We can see from Figure 1 that Ontario, Saskatchewan and Alberta have had the highest horse populations in Canada. All provinces have had a decline in horse populations since 1940. This is likely due to the rebound of the Canadian automotive industry after the Great Depression and the Second World War. An interesting follow-up visualisation would be car sales per year for each Province over the time period visualised above to further support this hypothesis.

Suppose we were interested in looking in more closely at the province with the highest spread (in terms of standard deviation) of horse populations.
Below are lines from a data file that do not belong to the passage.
lemma comm_group_sum_group: "comm_group sum_group"
proof -
  interpret comm_monoid sum_group by (rule comm_monoid_sum_group)
  show ?thesis
  proof (rule finite_cancel_imp_comm_group[OF finite_carrier_sum_group])
    fix u v w
    assume "u \<in> carrier sum_group" "v \<in> carrier sum_group" "w \<in> carrier sum_group"
    then obtain xs ys zs where lists: "xs \<in> lists S" "ys \<in> lists S" "zs \<in> lists S"
      and "u = psi_sum S op xs" "v = psi_sum S op ys" "w = psi_sum S op zs"
      unfolding carrier_sum_group by blast
    moreover assume "u \<otimes>\<^bsub>sum_group\<^esub> w = v \<otimes>\<^bsub>sum_group\<^esub> w"
    ultimately have "psi_sum S op (zs @ xs) = psi_sum S op (zs @ ys)"
      by (simp add: sum_group_mult psi_sum_append_commute)
    with lists show "u = v" using psi_sum_append_cancel \<open>u = _\<close> \<open>v = _\<close> by blast
  qed
qed

lemma class_eq_Lcm_ord:
  assumes "is_class S op d"
  shows "d = Lcm (group.ord sum_group ` carrier sum_group)"
proof -
  interpret comm_group sum_group by (rule comm_group_sum_group)
  have "d = (LEAST k. k \<ge> 1 \<and> (\<forall>u\<in>carrier sum_group. u [^]\<^bsub>sum_group\<^esub> k = \<one>\<^bsub>sum_group\<^esub>))"
    using assms unfolding is_class_def sum_group_exponent_iff .
  then show ?thesis
    using least_exponent_eq_Lcm_ord[OF finite_carrier_sum_group] by simp
qed

end

theorem mainTheorem6:
  fixes S :: "'a set" and op :: "'a \<Rightarrow> 'a \<Rightarrow> 'a" and d :: nat
  assumes "finite S" and "cycle_set S op" and "is_class S op d"
  shows "(\<forall>p::nat. prime p \<longrightarrow> (p dvd d \<longleftrightarrow> p dvd card (perm_group S op)))
       \<and> (primepow d \<longleftrightarrow> primepow (card (perm_group S op)))"
proof -
  interpret finite_cycle_set S op
    using assms by (simp add: finite_cycle_set_def finite_cycle_set_axioms_def cycle_set_on_def)
  interpret A: comm_group sum_group by (rule comm_group_sum_group)
  have d: "d = Lcm (A.ord ` carrier sum_group)"
    using assms(3) by (rule class_eq_Lcm_ord)
  have same_primes: "p dvd d \<longleftrightarrow> p dvd card (perm_group S op)" if "prime p" for p :: nat
    using A.prime_dvd_Lcm_ord_iff[OF finite_carrier_sum_group that] d order_sum_group by simp
  have pos: "d > 0" "card (perm_group S op) > 0"
    using d A.Lcm_ord_pos A.order_gt_0_iff_finite finite_carrier_sum_group order_sum_group
    by simp_all
  show ?thesis
    using same_primes primepow_iff_of_same_prime_divisors[OF pos same_primes] by simp
qed

end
We present the standard deviations in Table 1.

Table 1
Province Std
Saskatchewan 377266
Ontario 266435
Alberta 266063
Manitoba 122404
Quebec 111411
New Brunswick 22019.5
Nova Scotia 19879.3
British Columbia 14945.7
P.E.I. 11355.7

Standard deviation of historical (1906-1972) horse populations for each Canadian province.

Note that we define standard deviation (of a sample) as

\[s = \sqrt{\frac{\sum_{i=1}^N (x_i - \overline{x})^2}{N-1} }\]

Additionally, note that in Table 1 we consider the sample standard deviation of the number of horses during the same time span as Figure 1.

Figure 2: Horse populations for the province with the largest standard deviation

In Figure 2 we zoom in and look at the province of Saskatchewan which had the largest spread of values in terms of standard deviation.

References

Allaire, J. J., Charles Teague, Carlos Scheidegger, Yihui Xie, and Christophe Dervieux. 2022. Quarto.” https://doi.org/10.5281/zenodo.5960048.
Government of Canada. 2017. “Horses, Number on Farms at June 1 and at December 1.” Open Government - Open Data. https://open.canada.ca/data/en/dataset/a3ecf553-8ec4-4551-a0fe-8df1472c6cf7.
McKinney, Wes. 2010. “Data Structures for Statistical Computing in Python.” In Proceedings of the 9th Python in Science Conference, edited by Stéfan van der Walt and Jarrod Millman, =51–56.
Team, Pallets. 2020. Click. https://click.palletsprojects.com/.
Van Rossum, Guido, and Fred L. Drake. 2009. Python 3 Reference Manual. Scotts Valley, CA: CreateSpace.
VanderPlas, Jake. 2018. “Altair: Interactive Statistical Visualizations for Python.” Journal of Open Source Software 3 (7825, 32): 1057. https://doi.org/10.21105/joss.01057.